You will be playing third level characters of your choice, stationed within the town guard. You are high ranking officers, but you are still very much at a 'human' level of power. You will be free to uphold or dismiss the law in whatever way you deem fit, though you do have superiors and public approval to think of. One of the characters will be assigned as the chief of the town guards. Absolute power, and all that.

Players will be challenged to balance their duties as a guard against a ticking clock, as the very lives and livelihoods of the people you swore an oath to protect are threatened - not only by an approaching danger, but by your choice of action or inaction.


Broken Toys

18th century France. The village of Petit Arcady sits on the banks of the banks of a tranquil lake, an idyllic vision of bucolic paradise. Elise, the adolescent daughter of the Compte de Poitiers, spends many a happy day there, enjoying the company of the villagers and gaining insights into the lives of ordinary people.

But something is rotten in Petit Arcady. There have been rumours of black masses and demonic influences. Some claim to have seen the Devil himself walking brazenly by daylight. Whether or not this is all superstitious nonsense, the Compte is concerned enough to hire protection for his beloved Elise.

The PCs will be the guardians of this spoiled and mercurial young woman, charged with keeping her safe and happy at all costs. These costs, however, may be higher than any of them anticipated as they discover the horrors that lie under the veneer of paradise.

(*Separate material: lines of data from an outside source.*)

(* There is a polynomial $G_{n,d}(X)$ which is set-multilinear over the variable partition $X=(X_1,\ldots,X_d)$ with each $|X_i|\leq n$, such that: (i) it has a set-multilinear branching program of size $\mathrm{poly}(n,d)$; but (ii) any ordered set-multilinear branching program computing $G_{n,d}$ requires width $n^{\Omega(d)}$.
   Context: A polynomial is set-multilinear with respect to a partition $(X_1,\ldots,X_d)$ if every monomial contains exactly one variable from each $X_i$. An algebraic branching program (ABP) is a layered DAG with a start node and an end node, edges between consecutive layers labelled by linear polynomials, computing the sum over start-to-end paths of the product of edge labels; its size is its number of nodes and its width is the maximum number of nodes in a layer. A (general) set-multilinear ABP is one in which every node computes a polynomial that is set-multilinear with respect to some subcollection of $\{X_1,\ldots,X_d\}$. An ordered set-multilinear ABP is a set-multilinear ABP of depth $d$ for which there is a permutation $\sigma\in S_d$ such that every edge from layer $\ell-1$ to layer $\ell$ is labelled by a linear form in the variables of $X_{\sigma(\ell)}$. *)

theory Defs
  imports Complex_Main "HOL-Library.Poly_Mapping" "HOL-Combinatorics.Permutations"
begin

text \<open>Multivariate polynomials over a field, in variables indexed by nat:
  a polynomial maps monomials (finitely supported exponent vectors) to coefficients.\<close>
type_synonym 'a mpoly = "(nat \<Rightarrow>\<^sub>0 nat) \<Rightarrow>\<^sub>0 'a"

definition mdeg :: "(nat \<Rightarrow>\<^sub>0 nat) \<Rightarrow> nat" where
  "mdeg m = (\<Sum>x\<in>Poly_Mapping.keys m. Poly_Mapping.lookup m x)"

definition linear_poly :: "'a::zero mpoly \<Rightarrow> bool" where
  "linear_poly p \<longleftrightarrow> (\<forall>m\<in>Poly_Mapping.keys p. mdeg m \<le> 1)"

definition linear_form_in :: "nat set \<Rightarrow> 'a::zero mpoly \<Rightarrow> bool" where
  "linear_form_in V p \<longleftrightarrow> (\<forall>m\<in>Poly_Mapping.keys p. \<exists>x\<in>V. m = Poly_Mapping.single x 1)"

definition set_multilinear :: "(nat \<Rightarrow> nat set) \<Rightarrow> nat set \<Rightarrow> 'a::zero mpoly \<Rightarrow> bool" where
  "set_multilinear X S p \<longleftrightarrow>
     (\<forall>m\<in>Poly_Mapping.keys p. (\<forall>x\<in>Poly_Mapping.keys m. \<exists>i\<in>S. x \<in> X i) \<and> (\<forall>i\<in>S. (\<Sum>x\<in>X i. Poly_Mapping.lookup m x) = 1))"

definition var_partition :: "nat \<Rightarrow> nat \<Rightarrow> (nat \<Rightarrow> nat set) \<Rightarrow> bool" where
  "var_partition n d X \<longleftrightarrow>
     (\<forall>i<d. finite (X i) \<and> card (X i) \<le> n) \<and> (\<forall>i<d. \<forall>j<d. i \<noteq> j \<longrightarrow> X i \<inter> X j = {})"

text \<open>Layered ABP: layers 0..depth; layer l has nodes 0..<wd l; lab l u v is the label of the
  edge from node u of layer l to node v of layer l+1 (label 0 = no edge).
  Start node = node 0 of layer 0, end node = node 0 of layer depth.\<close>
type_synonym 'a abp = "nat \<times> (nat \<Rightarrow> nat) \<times> (nat \<Rightarrow> nat \<Rightarrow> nat \<Rightarrow> 'a mpoly)"

definition depth :: "'a abp \<Rightarrow> nat" where "depth A = fst A"
definition wd :: "'a abp \<Rightarrow> nat \<Rightarrow> nat" where "wd A = fst (snd A)"
definition lab :: "'a abp \<Rightarrow> nat \<Rightarrow> nat \<Rightarrow> nat \<Rightarrow> 'a mpoly" where "lab A = snd (snd A)"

Broken Toys will contain many unpleasant elements and is designed to be uncomfortable to play. One of the main inspirations is the Marquis de Sade's 120 Days of Sodom, and the theme of the game is the various abuses of power. I will try not to cross any lines that may cause genuine upset.

This is a playtest of an upcoming module for Lamentations of the Flame Princess, and all players will get playtester credits.

  • System: Lamentations of the Flame Princess
  • Number of Players: 3-5
  • Proposed by: Scott Dorward

DEAD SUNS : Incident at Absalom Station


When a brutal gang war breaks out on a docking bay in Absalom Station, our intrepid heroes are recruited by the Starfinder Society to investigate the unexpected bloodshed. Delving into the station's seedy Spike neighborhoods, the crew confront the gangs and discover that both were paid to start the riot and that the true conflict is between two rival mining companies battling over a new arrival in orbit around the station: a mysteriously deserted ship and the strange asteroid it recovered from the Drift. To head off further violence the heroes are asked to investigate the ship and discover what happened to its crew, as well as the nature of the asteroid it tows. But what the players uncover there will set in motion events that could threaten the entirety of the Pact Worlds and change the face of the galaxy forever!

This is the first part of the six-part DEAD SUNS adventure path for STARFINDER, the science-fantasy RPG from Paizo. Not just 'Pathfinder/D&D in space' the game features streamlined rules, a whole new set of classes and races, magic, technology, androids, starships and starship battles, mysteries, dead worlds to explore, and much more.

This is a self-contained scenario but If the game goes well and there is sufficient interest I plan on continuing on to the other scenarios in the adventure path ( Temple of the Twelve (3rd level), Splintered Worlds (5th level), The Ruined Clouds (7th level), The Thirteenth Gate (9th level), and the grand finale Empire of Bones (11th level) ) in later blocks.